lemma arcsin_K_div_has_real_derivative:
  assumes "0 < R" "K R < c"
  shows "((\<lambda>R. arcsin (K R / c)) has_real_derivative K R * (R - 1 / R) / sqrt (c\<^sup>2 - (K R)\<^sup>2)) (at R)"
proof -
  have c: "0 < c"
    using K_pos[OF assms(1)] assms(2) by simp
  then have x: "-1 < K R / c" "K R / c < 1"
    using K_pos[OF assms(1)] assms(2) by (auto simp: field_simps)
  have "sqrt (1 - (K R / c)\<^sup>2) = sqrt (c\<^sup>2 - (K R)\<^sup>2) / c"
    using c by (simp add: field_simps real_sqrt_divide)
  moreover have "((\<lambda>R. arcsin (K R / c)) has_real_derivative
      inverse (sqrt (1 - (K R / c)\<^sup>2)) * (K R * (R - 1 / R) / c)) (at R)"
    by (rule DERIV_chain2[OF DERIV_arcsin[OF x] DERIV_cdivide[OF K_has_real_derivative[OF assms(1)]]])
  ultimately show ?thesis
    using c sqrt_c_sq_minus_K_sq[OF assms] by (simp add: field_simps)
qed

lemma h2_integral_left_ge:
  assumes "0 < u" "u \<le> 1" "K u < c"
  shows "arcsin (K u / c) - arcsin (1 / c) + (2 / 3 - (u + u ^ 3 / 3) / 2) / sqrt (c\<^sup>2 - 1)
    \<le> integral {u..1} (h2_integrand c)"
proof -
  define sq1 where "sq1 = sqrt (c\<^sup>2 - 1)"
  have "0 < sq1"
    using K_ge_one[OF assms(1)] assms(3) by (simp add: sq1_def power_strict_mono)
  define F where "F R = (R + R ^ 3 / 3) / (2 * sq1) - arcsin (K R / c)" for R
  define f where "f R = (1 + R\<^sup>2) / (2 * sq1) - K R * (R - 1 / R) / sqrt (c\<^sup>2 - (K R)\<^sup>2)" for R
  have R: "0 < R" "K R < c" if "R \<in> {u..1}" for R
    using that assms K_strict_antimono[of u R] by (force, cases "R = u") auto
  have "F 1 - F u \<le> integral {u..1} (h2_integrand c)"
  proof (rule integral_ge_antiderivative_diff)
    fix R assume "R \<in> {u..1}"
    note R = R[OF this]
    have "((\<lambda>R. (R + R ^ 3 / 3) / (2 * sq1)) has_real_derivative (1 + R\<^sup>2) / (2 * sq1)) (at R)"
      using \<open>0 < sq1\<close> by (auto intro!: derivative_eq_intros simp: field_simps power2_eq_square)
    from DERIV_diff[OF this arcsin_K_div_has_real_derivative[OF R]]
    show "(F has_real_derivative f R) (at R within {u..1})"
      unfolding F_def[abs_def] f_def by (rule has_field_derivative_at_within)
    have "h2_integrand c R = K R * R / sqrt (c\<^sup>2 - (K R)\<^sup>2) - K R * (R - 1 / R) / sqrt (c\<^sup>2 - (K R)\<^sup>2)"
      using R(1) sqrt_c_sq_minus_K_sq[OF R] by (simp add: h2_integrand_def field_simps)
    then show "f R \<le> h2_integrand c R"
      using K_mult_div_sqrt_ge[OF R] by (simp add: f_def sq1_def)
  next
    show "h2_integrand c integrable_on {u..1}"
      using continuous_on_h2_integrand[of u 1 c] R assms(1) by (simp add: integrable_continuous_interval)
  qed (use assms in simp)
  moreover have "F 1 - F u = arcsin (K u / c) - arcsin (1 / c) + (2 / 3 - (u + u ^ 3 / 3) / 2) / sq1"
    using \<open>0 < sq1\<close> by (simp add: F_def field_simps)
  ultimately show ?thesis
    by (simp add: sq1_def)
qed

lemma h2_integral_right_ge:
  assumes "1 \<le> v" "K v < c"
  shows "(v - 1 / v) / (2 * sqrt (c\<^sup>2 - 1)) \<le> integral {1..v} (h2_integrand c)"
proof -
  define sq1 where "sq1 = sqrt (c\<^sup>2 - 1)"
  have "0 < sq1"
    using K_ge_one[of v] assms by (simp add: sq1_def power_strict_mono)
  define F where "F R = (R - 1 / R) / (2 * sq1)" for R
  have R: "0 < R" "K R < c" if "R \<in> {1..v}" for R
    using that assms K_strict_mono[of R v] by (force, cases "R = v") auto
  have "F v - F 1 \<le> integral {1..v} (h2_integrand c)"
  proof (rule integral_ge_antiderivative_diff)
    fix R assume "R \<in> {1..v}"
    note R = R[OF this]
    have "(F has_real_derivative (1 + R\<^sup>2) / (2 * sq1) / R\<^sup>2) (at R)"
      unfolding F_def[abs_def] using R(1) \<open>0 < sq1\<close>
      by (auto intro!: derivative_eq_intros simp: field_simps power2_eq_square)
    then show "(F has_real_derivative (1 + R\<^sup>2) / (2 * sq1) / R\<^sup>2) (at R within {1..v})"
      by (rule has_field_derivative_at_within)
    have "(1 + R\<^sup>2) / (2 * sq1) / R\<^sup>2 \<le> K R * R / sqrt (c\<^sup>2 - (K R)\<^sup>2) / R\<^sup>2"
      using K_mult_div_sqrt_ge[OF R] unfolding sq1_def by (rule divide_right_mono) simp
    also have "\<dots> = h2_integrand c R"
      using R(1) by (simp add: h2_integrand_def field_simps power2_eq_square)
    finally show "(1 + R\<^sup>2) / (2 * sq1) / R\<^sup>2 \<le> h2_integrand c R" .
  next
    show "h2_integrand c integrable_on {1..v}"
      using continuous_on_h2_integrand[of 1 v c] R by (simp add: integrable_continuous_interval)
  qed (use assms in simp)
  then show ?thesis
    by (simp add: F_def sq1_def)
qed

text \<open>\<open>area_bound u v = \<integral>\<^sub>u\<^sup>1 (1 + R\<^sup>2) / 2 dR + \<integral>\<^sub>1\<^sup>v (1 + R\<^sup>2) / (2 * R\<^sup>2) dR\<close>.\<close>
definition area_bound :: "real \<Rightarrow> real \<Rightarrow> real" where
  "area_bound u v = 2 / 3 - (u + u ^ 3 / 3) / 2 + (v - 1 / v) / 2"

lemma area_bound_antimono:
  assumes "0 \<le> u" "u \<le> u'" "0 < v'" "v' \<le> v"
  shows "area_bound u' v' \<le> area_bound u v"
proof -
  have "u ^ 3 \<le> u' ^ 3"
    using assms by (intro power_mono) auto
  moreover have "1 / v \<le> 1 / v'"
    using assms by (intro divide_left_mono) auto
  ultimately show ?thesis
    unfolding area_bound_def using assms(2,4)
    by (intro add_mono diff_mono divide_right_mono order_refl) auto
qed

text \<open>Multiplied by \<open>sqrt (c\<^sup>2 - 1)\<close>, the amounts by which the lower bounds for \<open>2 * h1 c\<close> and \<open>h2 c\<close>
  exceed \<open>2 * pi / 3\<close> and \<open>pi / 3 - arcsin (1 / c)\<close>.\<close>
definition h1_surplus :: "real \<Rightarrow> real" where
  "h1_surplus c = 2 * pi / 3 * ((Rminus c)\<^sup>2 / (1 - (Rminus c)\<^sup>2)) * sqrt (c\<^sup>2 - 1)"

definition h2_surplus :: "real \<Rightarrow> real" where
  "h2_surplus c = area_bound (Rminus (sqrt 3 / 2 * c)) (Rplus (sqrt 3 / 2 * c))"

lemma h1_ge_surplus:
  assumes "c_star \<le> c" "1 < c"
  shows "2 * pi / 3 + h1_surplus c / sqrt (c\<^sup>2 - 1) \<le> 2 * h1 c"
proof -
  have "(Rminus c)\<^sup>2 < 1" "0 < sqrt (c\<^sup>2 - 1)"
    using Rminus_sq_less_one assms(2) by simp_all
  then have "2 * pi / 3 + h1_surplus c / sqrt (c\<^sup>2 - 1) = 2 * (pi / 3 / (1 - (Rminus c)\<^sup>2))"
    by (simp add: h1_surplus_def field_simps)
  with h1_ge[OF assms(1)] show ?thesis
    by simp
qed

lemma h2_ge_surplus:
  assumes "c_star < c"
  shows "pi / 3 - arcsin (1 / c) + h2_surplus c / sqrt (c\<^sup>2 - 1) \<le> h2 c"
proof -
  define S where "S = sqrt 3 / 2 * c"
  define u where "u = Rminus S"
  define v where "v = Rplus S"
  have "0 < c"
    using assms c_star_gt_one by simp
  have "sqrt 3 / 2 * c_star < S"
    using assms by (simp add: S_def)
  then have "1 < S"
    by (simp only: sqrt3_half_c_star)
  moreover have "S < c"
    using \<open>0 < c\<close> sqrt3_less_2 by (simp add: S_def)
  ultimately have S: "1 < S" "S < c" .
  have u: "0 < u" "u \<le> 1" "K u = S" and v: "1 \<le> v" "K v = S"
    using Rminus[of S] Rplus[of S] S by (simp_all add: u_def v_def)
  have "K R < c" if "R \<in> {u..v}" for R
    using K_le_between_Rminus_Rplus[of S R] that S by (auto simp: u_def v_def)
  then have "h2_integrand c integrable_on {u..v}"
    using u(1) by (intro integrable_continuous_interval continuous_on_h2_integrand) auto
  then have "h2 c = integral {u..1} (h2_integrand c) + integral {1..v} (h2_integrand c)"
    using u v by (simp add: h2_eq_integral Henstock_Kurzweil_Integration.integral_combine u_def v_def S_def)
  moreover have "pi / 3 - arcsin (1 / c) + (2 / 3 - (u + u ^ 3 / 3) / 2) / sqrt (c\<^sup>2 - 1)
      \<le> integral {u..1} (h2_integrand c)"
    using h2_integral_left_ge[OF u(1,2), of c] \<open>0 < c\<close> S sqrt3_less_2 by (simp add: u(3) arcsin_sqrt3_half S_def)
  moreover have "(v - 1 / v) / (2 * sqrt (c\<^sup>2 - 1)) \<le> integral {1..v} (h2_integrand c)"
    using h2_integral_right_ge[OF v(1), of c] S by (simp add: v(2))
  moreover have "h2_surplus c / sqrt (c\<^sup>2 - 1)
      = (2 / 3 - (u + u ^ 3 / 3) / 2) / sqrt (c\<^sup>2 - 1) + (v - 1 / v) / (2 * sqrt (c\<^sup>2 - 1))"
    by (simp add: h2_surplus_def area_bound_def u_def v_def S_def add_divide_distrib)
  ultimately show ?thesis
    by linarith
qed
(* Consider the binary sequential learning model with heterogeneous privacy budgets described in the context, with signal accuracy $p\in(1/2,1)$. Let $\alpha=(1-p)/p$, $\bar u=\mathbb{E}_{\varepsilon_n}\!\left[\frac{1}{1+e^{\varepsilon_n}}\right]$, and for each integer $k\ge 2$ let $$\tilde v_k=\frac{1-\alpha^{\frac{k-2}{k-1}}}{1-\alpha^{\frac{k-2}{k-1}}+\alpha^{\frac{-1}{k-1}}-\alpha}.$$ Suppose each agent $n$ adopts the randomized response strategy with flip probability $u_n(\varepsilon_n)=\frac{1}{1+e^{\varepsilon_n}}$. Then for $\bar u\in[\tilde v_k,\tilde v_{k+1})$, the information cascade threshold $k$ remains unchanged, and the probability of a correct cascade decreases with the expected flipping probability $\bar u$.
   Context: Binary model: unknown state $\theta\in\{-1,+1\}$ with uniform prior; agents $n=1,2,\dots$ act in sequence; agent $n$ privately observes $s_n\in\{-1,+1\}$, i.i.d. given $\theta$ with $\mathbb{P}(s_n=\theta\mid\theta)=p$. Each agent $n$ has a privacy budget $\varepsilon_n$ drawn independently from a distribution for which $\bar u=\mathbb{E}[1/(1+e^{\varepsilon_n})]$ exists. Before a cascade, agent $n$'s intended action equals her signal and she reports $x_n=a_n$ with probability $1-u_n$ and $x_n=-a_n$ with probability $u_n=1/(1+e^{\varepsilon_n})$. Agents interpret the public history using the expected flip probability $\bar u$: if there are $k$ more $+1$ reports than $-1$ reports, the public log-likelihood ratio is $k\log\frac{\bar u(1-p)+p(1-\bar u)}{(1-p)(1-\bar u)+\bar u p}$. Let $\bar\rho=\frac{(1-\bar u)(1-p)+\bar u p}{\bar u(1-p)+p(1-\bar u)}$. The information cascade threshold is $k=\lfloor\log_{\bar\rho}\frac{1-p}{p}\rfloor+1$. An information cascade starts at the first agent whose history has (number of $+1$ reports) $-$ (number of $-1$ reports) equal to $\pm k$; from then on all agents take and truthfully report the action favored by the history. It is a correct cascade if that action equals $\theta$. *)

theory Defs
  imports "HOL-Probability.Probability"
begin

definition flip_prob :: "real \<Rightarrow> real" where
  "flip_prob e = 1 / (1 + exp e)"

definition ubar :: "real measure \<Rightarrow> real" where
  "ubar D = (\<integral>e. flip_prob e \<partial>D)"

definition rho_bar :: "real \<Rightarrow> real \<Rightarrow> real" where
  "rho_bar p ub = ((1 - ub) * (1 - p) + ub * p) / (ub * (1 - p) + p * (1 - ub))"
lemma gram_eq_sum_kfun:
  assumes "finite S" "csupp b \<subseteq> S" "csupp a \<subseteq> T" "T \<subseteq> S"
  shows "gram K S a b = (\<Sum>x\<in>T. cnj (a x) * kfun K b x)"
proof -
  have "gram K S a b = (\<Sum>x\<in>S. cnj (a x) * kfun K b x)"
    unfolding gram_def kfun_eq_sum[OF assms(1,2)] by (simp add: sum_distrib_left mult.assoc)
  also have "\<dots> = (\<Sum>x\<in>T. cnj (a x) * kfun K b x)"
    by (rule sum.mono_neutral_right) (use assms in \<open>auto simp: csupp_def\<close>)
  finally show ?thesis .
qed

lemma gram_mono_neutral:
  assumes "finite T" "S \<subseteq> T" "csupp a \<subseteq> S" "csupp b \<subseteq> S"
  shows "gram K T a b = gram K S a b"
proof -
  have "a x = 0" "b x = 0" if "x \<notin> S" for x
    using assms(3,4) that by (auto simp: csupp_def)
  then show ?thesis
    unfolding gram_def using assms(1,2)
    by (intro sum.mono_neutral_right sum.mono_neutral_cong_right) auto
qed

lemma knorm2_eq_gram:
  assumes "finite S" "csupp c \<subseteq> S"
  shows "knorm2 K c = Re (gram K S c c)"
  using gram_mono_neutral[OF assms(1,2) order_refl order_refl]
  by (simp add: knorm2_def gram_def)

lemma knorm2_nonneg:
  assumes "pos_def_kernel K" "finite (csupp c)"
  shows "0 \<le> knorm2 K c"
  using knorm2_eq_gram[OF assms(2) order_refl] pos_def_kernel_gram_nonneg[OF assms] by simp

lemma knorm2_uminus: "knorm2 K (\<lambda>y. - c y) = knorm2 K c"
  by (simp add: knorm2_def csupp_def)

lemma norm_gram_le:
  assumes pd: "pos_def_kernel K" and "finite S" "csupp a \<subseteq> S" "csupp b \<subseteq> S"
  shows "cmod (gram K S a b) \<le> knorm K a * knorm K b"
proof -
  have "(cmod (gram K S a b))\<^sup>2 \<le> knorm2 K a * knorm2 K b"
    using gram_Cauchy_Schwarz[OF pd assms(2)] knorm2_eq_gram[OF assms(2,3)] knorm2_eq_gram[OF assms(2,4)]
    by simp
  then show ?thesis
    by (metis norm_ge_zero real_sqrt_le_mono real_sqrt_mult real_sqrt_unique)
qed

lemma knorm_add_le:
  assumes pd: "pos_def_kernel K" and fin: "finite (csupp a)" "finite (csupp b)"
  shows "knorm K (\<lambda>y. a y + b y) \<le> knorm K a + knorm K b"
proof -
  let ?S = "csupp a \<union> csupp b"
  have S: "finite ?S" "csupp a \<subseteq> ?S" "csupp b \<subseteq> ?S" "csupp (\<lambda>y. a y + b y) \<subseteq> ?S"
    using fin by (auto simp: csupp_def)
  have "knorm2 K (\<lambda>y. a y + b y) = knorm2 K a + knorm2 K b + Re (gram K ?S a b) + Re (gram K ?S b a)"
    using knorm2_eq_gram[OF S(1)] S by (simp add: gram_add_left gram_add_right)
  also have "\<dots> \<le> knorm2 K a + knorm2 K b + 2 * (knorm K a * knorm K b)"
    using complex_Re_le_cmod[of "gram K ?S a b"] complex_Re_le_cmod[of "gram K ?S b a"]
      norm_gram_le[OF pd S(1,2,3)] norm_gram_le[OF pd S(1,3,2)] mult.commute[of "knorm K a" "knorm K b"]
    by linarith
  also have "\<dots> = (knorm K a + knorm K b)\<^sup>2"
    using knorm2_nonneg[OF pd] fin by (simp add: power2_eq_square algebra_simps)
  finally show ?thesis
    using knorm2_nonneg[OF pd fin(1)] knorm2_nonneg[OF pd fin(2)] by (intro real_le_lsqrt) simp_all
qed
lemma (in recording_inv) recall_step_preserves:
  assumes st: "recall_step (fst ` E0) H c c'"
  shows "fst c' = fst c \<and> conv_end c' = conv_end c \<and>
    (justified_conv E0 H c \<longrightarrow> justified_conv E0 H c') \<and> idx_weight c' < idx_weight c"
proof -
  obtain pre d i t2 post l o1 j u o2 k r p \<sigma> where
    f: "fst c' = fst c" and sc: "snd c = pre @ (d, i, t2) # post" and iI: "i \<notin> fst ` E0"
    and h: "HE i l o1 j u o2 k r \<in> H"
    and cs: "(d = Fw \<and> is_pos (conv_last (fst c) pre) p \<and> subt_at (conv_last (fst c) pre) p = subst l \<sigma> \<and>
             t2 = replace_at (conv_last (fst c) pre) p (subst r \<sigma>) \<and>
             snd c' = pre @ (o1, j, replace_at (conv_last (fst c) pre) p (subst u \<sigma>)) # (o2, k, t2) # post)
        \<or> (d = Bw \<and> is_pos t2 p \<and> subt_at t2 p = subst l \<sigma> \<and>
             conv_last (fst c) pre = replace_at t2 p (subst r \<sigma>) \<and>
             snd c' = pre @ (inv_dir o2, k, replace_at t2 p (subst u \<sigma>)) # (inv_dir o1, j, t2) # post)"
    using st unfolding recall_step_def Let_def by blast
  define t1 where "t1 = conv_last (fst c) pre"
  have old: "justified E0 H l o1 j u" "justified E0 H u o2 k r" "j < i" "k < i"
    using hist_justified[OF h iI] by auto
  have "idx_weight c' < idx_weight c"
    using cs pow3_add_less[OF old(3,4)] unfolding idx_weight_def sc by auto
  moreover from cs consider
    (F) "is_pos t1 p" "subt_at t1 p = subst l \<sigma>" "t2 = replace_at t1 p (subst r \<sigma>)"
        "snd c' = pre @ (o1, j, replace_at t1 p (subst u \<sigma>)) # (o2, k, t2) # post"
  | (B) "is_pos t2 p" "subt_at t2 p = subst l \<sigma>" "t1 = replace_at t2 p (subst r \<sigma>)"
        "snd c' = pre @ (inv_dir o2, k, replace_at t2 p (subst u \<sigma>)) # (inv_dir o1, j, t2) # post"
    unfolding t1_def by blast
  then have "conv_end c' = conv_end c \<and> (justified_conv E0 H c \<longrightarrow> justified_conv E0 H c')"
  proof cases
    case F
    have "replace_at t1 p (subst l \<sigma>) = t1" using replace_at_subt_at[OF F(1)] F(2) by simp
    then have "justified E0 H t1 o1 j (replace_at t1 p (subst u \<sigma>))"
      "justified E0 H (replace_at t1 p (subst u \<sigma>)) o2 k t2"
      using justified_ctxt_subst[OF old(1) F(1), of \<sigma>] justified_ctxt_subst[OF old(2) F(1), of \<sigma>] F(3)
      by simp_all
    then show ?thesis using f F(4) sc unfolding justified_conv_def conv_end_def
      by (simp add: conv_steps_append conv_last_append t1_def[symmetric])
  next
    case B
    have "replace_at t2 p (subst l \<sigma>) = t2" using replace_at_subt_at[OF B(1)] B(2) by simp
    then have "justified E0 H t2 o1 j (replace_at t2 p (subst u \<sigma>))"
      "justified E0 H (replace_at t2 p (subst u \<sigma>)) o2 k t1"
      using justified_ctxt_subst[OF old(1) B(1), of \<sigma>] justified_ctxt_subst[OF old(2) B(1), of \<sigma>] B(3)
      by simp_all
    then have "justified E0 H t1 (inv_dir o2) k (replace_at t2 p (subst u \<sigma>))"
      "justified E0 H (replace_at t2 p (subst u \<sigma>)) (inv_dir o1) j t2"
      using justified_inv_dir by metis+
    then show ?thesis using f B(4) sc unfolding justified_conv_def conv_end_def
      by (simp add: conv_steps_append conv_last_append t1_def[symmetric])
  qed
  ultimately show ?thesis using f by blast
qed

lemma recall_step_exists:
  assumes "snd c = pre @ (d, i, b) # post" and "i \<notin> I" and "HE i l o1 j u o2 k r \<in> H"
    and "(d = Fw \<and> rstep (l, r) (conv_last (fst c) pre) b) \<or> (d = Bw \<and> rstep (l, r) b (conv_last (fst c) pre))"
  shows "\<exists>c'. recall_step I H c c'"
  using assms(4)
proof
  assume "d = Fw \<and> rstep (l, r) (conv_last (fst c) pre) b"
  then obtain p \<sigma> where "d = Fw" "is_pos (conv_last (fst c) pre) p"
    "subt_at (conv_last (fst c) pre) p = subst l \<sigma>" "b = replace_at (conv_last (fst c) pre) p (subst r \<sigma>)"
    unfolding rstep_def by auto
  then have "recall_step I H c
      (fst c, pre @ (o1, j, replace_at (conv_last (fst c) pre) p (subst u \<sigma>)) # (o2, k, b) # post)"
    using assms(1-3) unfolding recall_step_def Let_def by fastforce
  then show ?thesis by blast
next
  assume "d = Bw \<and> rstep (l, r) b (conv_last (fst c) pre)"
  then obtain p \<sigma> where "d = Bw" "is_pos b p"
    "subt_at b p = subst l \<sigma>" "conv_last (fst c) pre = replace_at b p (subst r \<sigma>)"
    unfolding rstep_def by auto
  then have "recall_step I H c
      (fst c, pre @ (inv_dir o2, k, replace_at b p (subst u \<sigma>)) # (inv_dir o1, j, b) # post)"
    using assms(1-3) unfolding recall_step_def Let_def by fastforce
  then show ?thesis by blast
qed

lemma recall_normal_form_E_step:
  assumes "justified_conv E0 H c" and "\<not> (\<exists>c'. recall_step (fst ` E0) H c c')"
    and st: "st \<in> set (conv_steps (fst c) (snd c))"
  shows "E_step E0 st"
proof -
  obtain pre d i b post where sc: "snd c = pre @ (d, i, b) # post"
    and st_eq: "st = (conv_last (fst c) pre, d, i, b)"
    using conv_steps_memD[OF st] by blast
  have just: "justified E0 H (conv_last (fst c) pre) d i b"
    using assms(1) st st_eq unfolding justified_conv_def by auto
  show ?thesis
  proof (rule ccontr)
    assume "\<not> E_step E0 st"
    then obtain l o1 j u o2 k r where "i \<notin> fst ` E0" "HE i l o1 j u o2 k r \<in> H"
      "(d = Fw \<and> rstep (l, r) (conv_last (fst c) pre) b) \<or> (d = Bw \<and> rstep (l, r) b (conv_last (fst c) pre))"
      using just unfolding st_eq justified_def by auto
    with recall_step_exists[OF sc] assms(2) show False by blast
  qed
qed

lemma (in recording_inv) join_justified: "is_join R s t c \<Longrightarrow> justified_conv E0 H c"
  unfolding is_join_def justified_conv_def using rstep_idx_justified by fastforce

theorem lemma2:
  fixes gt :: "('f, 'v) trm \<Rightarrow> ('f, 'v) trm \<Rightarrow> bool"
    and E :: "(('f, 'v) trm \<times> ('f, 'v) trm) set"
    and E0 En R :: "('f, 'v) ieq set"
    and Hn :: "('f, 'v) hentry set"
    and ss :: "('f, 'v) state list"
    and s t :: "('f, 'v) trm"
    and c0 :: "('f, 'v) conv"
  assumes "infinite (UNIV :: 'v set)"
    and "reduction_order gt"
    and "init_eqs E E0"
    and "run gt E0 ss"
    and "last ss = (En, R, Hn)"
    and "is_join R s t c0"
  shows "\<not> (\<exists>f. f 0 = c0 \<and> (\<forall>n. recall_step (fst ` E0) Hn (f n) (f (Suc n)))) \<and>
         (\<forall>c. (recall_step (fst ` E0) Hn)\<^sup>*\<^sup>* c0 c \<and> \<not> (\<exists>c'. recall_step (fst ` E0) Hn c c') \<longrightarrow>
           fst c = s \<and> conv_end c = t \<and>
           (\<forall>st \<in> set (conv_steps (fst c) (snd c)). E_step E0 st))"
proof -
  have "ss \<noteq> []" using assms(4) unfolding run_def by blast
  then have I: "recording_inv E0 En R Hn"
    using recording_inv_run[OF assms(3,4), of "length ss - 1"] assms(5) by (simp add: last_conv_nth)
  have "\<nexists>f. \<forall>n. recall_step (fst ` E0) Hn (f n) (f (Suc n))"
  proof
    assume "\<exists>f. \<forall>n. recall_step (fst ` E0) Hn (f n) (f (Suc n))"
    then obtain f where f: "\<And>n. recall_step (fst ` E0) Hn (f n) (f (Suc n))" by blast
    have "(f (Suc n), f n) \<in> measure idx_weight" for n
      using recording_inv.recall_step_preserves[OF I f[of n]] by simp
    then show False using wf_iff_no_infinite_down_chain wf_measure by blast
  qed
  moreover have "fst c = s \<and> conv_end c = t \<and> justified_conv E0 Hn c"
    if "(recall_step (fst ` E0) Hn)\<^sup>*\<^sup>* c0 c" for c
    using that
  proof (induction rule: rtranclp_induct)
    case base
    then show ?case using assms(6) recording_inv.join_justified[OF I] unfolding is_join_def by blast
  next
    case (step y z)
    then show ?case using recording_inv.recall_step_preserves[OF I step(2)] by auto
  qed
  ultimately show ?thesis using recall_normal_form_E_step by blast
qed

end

----

DIRECTIONS FOR THIS TASK: Find where "ultimately show ?thesis using recall_normal_form_E_step" occurs in the data, and please write out that line through the last line exactly, with nothing else.

REPLY:
  ultimately show ?thesis using recall_normal_form_E_step by blast
qed

end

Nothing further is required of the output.